As an equation it would look like this:

Slower line speeds + More inspection = Less food contamination.

But Big Meat and USDA don’t think much of that. For years Big Meat has lobbied Congress and USDA to increase line speeds and reduce inspections on the line saying it would reduce food contamination. As an equation it looks like this: 

Faster line speeds + Less inspection = Less food contamination.

Does anyone not a part of Big Meat really believe that?

But that’s been the holy grail for Big Meat – and their USDA enablers haven’t been shy about cutting a few corners to prove that they’re right.  

That’s the new conclusion of an USDA Inspector General Report, which flayed USDA’s worker safety data used to draft new pork inspection rules designed to allow pork processing lines to run at unlimited speeds. What a surprise (read dripping with irony).

The Inspector General report released last month found USDA “neither ensured that the data in the proposed rule were presented in an accurate manner nor disclosed all known limitations of the data.” Further the IG “determined that [USDA] did not compare the OSHA data to any corroborating evidence to verify the reliability of these data used.”

It’s truly damning that USDA did not want the public to know it was manipulating bogus information.  

Here’s the backstory: when the proposed rule was first proposed in the Federal Register in 2018, USDA withheld the data it used to claim injury rates would drop. Researchers sought the data in February 2018 through a Freedom of Information request to USDA’s Food and Inspection Service, but did not receive the data set until September 2018, well after the public comment period for the proposed rule closed in April 2018. Get the picture?

Only then did the truth begin to emerge. Texas State researchers Celese Monforton and Phillip W. Vaughan – made hash of USDA’s data set. Among the mistakes – a small non-random sample size, as well as a failure “to consider the dependence of observations in the series of injury rates.” The researchers did not mince words in concluding that “In sum, the limitations described above make it impossible for FSIS to draw any statistically valid conclusion about worker injury rate differences in HIMP versus traditional plant.” 

Still USDA kept its head down and continued to plug away at finalizing the rule in October 2019.  

USDA Secretary Sonny Perdue said the finalized rule was just dandy, thank you very much:

“This regulatory change allows us to ensure food safety while eliminating outdated rules and allowing for companies to innovate. The final rule is the culmination of a science-based and data-driven rule making process which builds on the food safety improvements made in 1997, when USDA introduced a system of preventive controls for industry. With this rule, FSIS will finally begin full implementation of that program in swine establishments.”

But by then USDA’s Inspector General was on the case, finding USDA and FSIS was playing loose with the data. Still, that didn’t stop FSIS from taking a swipe at the IG telling the Washington Post that “…the OIG findings place an exaggerated emphasis on minor errors made in the presentation of the analysis – errors already corrected.” 

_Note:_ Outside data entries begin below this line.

lemma (in ring) ideal_prod_eq_zero_iff:
  assumes "ideal I R" "ideal J R"
  shows "ideal_prod R I J = {\<zero>} \<longleftrightarrow> (\<forall>x\<in>I. \<forall>y\<in>J. x \<otimes> y = \<zero>)"
proof
  assume "ideal_prod R I J = {\<zero>}"
  then show "\<forall>x\<in>I. \<forall>y\<in>J. x \<otimes> y = \<zero>"
    by (metis ideal_prod.prod singletonD)
next
  assume zero: "\<forall>x\<in>I. \<forall>y\<in>J. x \<otimes> y = \<zero>"
  have "\<zero> \<in> I" "\<zero> \<in> J"
    using assms by (simp_all add: additive_subgroup.zero_closed ideal.axioms(1))
  then have "\<zero> \<in> ideal_prod R I J"
    using ideal_prod.prod[of \<zero> I \<zero> J R] by simp
  moreover have "s = \<zero>" if "s \<in> ideal_prod R I J" for s
    using that by (induction rule: ideal_prod.induct) (simp_all add: zero)
  ultimately show "ideal_prod R I J = {\<zero>}" by blast
qed

(* The zero ideal gets the junk value Min {}. *)
definition ideal_gen :: "int set \<Rightarrow> int" where
  "ideal_gen I = Min {x \<in> I. 0 < x}"

context residues
begin

lemma ideal_mod_closed:
  assumes "ideal I R" "x \<in> I" "g \<in> I" "0 < g"
  shows "x mod g \<in> I"
proof -
  interpret ideal I R by fact
  have x: "0 \<le> x" "x < m" using Icarr[OF assms(2)] res_carrier_eq by auto
  moreover have "x div g \<le> x"
    using x(1) by (cases "x = 0") (simp_all add: int_div_le_self)
  ultimately have "x div g \<in> carrier R"
    using assms(4) by (simp add: res_carrier_eq pos_imp_zdiv_nonneg_iff)
  then have "x \<oplus> \<ominus> (x div g \<otimes> g) \<in> I"
    using assms(2,3) by (simp add: I_l_closed)
  also have "x \<oplus> \<ominus> (x div g \<otimes> g) = x mod g mod m"
    by (simp add: res_add_eq res_neg_eq res_mult_eq mod_simps minus_div_mult_eq_mod)
  also have "\<dots> = x mod g"
    using x zmod_le_nonneg_dividend[of x g] assms(4) by simp
  finally show ?thesis .
qed

lemma
  assumes "ideal I R" "I \<noteq> {\<zero>}"
  shows ideal_gen_mem: "ideal_gen I \<in> I"
    and ideal_gen_pos: "0 < ideal_gen I"
    and ideal_gen_dvd: "x \<in> I \<Longrightarrow> ideal_gen I dvd x"
proof -
  interpret ideal I R by fact
  define S where "S = {x \<in> I. 0 < x}"
  have nonneg: "0 \<le> x" if "x \<in> I" for x
    using Icarr[OF that] res_carrier_eq by auto
  have "S \<subseteq> carrier R"
    using Icarr by (auto simp: S_def)
  then have "finite S"
    by (rule finite_subset) (simp add: res_carrier_eq)
  moreover have "S \<noteq> {}"
    using assms(2) zero_closed nonneg by (fastforce simp: S_def res_zero_eq)
  ultimately have "ideal_gen I \<in> S" and least: "\<And>y. y \<in> S \<Longrightarrow> ideal_gen I \<le> y"
    by (simp_all add: ideal_gen_def S_def[symmetric])
  then show gen: "ideal_gen I \<in> I" "0 < ideal_gen I" by (simp_all add: S_def)
  assume "x \<in> I"
  then have "x mod ideal_gen I \<in> I"
    using ideal_mod_closed assms(1) gen by blast
  then have "x mod ideal_gen I \<notin> S"
    using least gen(2) by (meson pos_mod_bound not_less)
  then show "ideal_gen I dvd x"
    using \<open>x mod ideal_gen I \<in> I\<close> gen(2) by (simp add: S_def dvd_eq_mod_eq_0 order_less_le)
qed

lemma ideal_prod_eq_zero_iff_dvd_ideal_gen:
  assumes "ideal I R" "I \<noteq> {\<zero>}" "ideal J R" "J \<noteq> {\<zero>}"
  shows "ideal_prod R I J = {\<zero>} \<longleftrightarrow> m dvd ideal_gen I * ideal_gen J"
proof -
  have "ideal_prod R I J = {\<zero>} \<longleftrightarrow> (\<forall>x\<in>I. \<forall>y\<in>J. x \<otimes> y = \<zero>)"
    using assms(1,3) by (rule ideal_prod_eq_zero_iff)
  also have "\<dots> \<longleftrightarrow> (\<forall>x\<in>I. \<forall>y\<in>J. m dvd x * y)"
    by (simp add: res_mult_eq res_zero_eq dvd_eq_mod_eq_0)
  also have "\<dots> \<longleftrightarrow> m dvd ideal_gen I * ideal_gen J"
  proof
    assume "\<forall>x\<in>I. \<forall>y\<in>J. m dvd x * y"
    then show "m dvd ideal_gen I * ideal_gen J"
      using ideal_gen_mem[OF assms(1,2)] ideal_gen_mem[OF assms(3,4)] by blast
  next
    assume "m dvd ideal_gen I * ideal_gen J"
    then show "\<forall>x\<in>I. \<forall>y\<in>J. m dvd x * y"
      using ideal_gen_dvd[OF assms(1,2)] ideal_gen_dvd[OF assms(3,4)] by (meson dvd_trans mult_dvd_mono)
  qed
  finally show ?thesis .
qed

lemma AGc_adj_iff:
  assumes "I \<in> AG_vertices R" "J \<in> AG_vertices R"
  shows "AGc_adj R I J \<longleftrightarrow> I \<noteq> J \<and> \<not> m dvd ideal_gen I * ideal_gen J"
proof -
  have "ideal I R" "I \<noteq> {\<zero>}" "ideal J R" "J \<noteq> {\<zero>}"
    using assms by (simp_all add: AG_vertices_def)
  then show ?thesis
    using assms by (auto simp: AGc_adj_def AG_adj_def ideal_prod_eq_zero_iff_dvd_ideal_gen)
qed

end

lemma prime_power_mult_primes_dvd_mult_iff:
  fixes p q r x y :: "'a::factorial_semiring_gcd"
  assumes "prime p" "prime q" "prime r" "p \<noteq> q" "p \<noteq> r" "q \<noteq> r" "x \<noteq> 0" "y \<noteq> 0"
  shows "p ^ \<alpha> * q * r dvd x * y \<longleftrightarrow>
    \<alpha> \<le> multiplicity p x + multiplicity p y \<and> (q dvd x \<or> q dvd y) \<and> (r dvd x \<or> r dvd y)"
proof -
  have "coprime (p ^ \<alpha>) q" "coprime (p ^ \<alpha> * q) r"
    using assms by (simp_all add: primes_coprime)
  then have "p ^ \<alpha> * q * r dvd x * y \<longleftrightarrow> p ^ \<alpha> dvd x * y \<and> q dvd x * y \<and> r dvd x * y"
    using divides_mult[of "p ^ \<alpha>" "x * y" q] divides_mult[of "p ^ \<alpha> * q" "x * y" r]
    by (auto dest: dvd_mult_left dvd_mult_right)
  moreover have "multiplicity p (x * y) = multiplicity p x + multiplicity p y"
    using assms by (simp add: prime_elem_multiplicity_mult_distrib)
  ultimately show ?thesis
    using assms by (simp add: power_dvd_iff_le_multiplicity prime_dvd_mult_iff)
qed

theorem lemma5:
  fixes p q r \<alpha> n k :: nat
  assumes "prime p" "prime q" "prime r"
    and "p \<noteq> q" "p \<noteq> r" "q \<noteq> r"
    and "\<alpha> \<ge> 1"
    and "n = p ^ \<alpha> * q * r"
    and "odd k" "k > 3"
  shows "\<not> has_induced_cycle (AG_vertices (residue_ring (int n))) (AGc_adj (residue_ring (int n))) k"
proof -
  let ?R = "residue_ring (int n)"
  have "1 < p ^ \<alpha>"
    using assms(7) prime_gt_1_nat[OF assms(1)] by (intro one_less_power) simp_all
  then have "1 < n"
    unfolding assms(8) using prime_gt_1_nat[OF assms(2)] prime_gt_1_nat[OF assms(3)]
    by (intro less_1_mult)
  then have "1 < int n" by simp
  then interpret residues "int n" ?R
    by unfold_locales simp_all
  have adj: "AGc_adj ?R I J \<longleftrightarrow> I \<noteq> J \<and>
      (multiplicity (int p) (ideal_gen I) + multiplicity (int p) (ideal_gen J) < \<alpha>
       \<or> (\<not> int q dvd ideal_gen I \<and> \<not> int q dvd ideal_gen J)
       \<or> (\<not> int r dvd ideal_gen I \<and> \<not> int r dvd ideal_gen J))"
    if "I \<in> AG_vertices ?R" "J \<in> AG_vertices ?R" for I J
  proof -
    have "0 < ideal_gen I" "0 < ideal_gen J"
      using that by (simp_all add: AG_vertices_def ideal_gen_pos)
    then have "int n dvd ideal_gen I * ideal_gen J \<longleftrightarrow>
        \<alpha> \<le> multiplicity (int p) (ideal_gen I) + multiplicity (int p) (ideal_gen J)
        \<and> (int q dvd ideal_gen I \<or> int q dvd ideal_gen J)
        \<and> (int r dvd ideal_gen I \<or> int r dvd ideal_gen J)"
      using assms(1-6,8) by (simp add: prime_power_mult_primes_dvd_mult_iff)
    then show ?thesis
      using AGc_adj_iff[OF that] by auto
  qed
  moreover have "5 \<le> k"
    using assms(9,10) by presburger
  ultimately show ?thesis
    by (rule no_long_induced_cycle_threshold_two_cliques)
qed

end
lemma valuation_pw:
  assumes "padic_valued_field p v pw"
  shows "pw r \<noteq> 0" "v (pw r) = r"
  using assms unfolding padic_valued_field_def by blast+

lemma valuation_one:
  assumes "padic_valued_field p v pw"
  shows "v 1 = 0"
  using valuation_mult[OF assms, of 1 1] by simp

lemma valuation_uminus:
  assumes L: "padic_valued_field p v pw" and "x \<noteq> 0"
  shows "v (- x) = v x"
proof -
  have "v (-1) = 0"
    using valuation_mult[OF L, of "-1" "-1"] valuation_one[OF L] by simp
  then show ?thesis
    using valuation_mult[OF L, of "-1" x] assms by simp
qed

lemma valuation_power:
  assumes L: "padic_valued_field p v pw" and "x \<noteq> 0"
  shows "v (x ^ n) = of_nat n * v x"
  by (induction n) (use assms valuation_one[OF L] valuation_mult[OF L] in \<open>simp_all add: algebra_simps\<close>)

lemma valuation_of_nat_nonneg:
  assumes L: "padic_valued_field p v pw"
  shows "of_nat n \<noteq> (0 :: 'a :: field) \<Longrightarrow> 0 \<le> v (of_nat n :: 'a)"
proof (induction n)
  case (Suc n)
  show ?case
  proof (cases "of_nat n = (0 :: 'a)")
    case True
    then show ?thesis using valuation_one[OF L] by simp
  next
    case False
    have "min (v (1 :: 'a)) (v (of_nat n)) \<le> v (1 + of_nat n :: 'a)"
      using valuation_add_ge_min[OF L _ False] Suc.prems by (simp add: add.commute)
    then show ?thesis
      using Suc.IH[OF False] valuation_one[OF L] by (simp add: add.commute)
  qed
qed simp
(* Let $T$ be the monad on $\mathsf{Set}$ associated to a Mal'cev algebraic theory (so that $T$-algebras are the models of the theory). Then every $T$-algebra $(A,e)$ is indiscrete, and the partial evaluation relation on $TA$ is an equivalence relation.
   Context: A Mal'cev operation on a set $A$ is a ternary operation $m$ with $m(a,b,b)=a$ and $m(a,a,b)=b$ for all $a,b\in A$; a Mal'cev theory is an algebraic (Lawvere/equational) theory containing a ternary operation satisfying these identities. A $T$-algebra $(A,e)$ is indiscrete if for all $t_0,t_1\in TA$ with $e(t_0)=e(t_1)$ there is $\tau\in TTA$ with $\mu_A(\tau)=t_0$ and $(Te)(\tau)=t_1$ (i.e. the algebra square formed by $\mu_A,Te,e,e$ is a weak pullback). The partial evaluation relation on $TA$ consists of the pairs $(\mu_A(\tau),(Te)(\tau))$ for $\tau\in TTA$. *)

theory Defs
  imports Main "HOL-Library.FuncSet"
begin

datatype ('f, 'v) trm = Var 'v | Fn 'f "('f, 'v) trm list"

fun wf_trm :: "('f \<Rightarrow> nat) \<Rightarrow> 'v set \<Rightarrow> ('f, 'v) trm \<Rightarrow> bool" where
  "wf_trm ar V (Var v) = (v \<in> V)"
| "wf_trm ar V (Fn f ts) = (length ts = ar f \<and> (\<forall>t\<in>set ts. wf_trm ar V t))"

primrec tsubst :: "('v \<Rightarrow> ('f, 'w) trm) \<Rightarrow> ('f, 'v) trm \<Rightarrow> ('f, 'w) trm" where
  "tsubst \<sigma> (Var v) = \<sigma> v"
| "tsubst \<sigma> (Fn f ts) = Fn f (map (tsubst \<sigma>) ts)"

Non-profit advocacy group Public Citizen, which sued USDA last year over the new pork processing system, now says it will make the case that the IG report requires USDA to tear up the Modernization of Swine Slaughter Inspection rule and start again.

Given how USDA irresponsibly got to this point I’d have to say a line-by-line evaluation of the finalized rule for safety of workers and the public should be undertaken. Rapidly.

After all, ya can’t argue simple math…

Slower line speeds + More inspection = Less food contamination.

About Dave Dickey

Dave Dickey

Dickey spent nearly 30 years at University of Illinois at Urbana-Champaign’s NPR member station WILL-AM 580 where he won a dozen Associated Press awards for his reporting. For 13 years, he directed Illinois Public Media’s agriculture programming. His weekly column for the Midwest Center covers agriculture and related issues including politics, government, environment and labor. His opinions are his own and do not reflect the Midwest Center for Investigative Reporting. Email him at dave.dickey@investigatemidwest.org.

Type of work:

David Dickey always wanted to be a journalist. After serving tours in the U.S. Marine Corps and U.S. Navy, Dickey enrolled at Rock Valley Junior College in Rockford, Ill., where he was first news editor...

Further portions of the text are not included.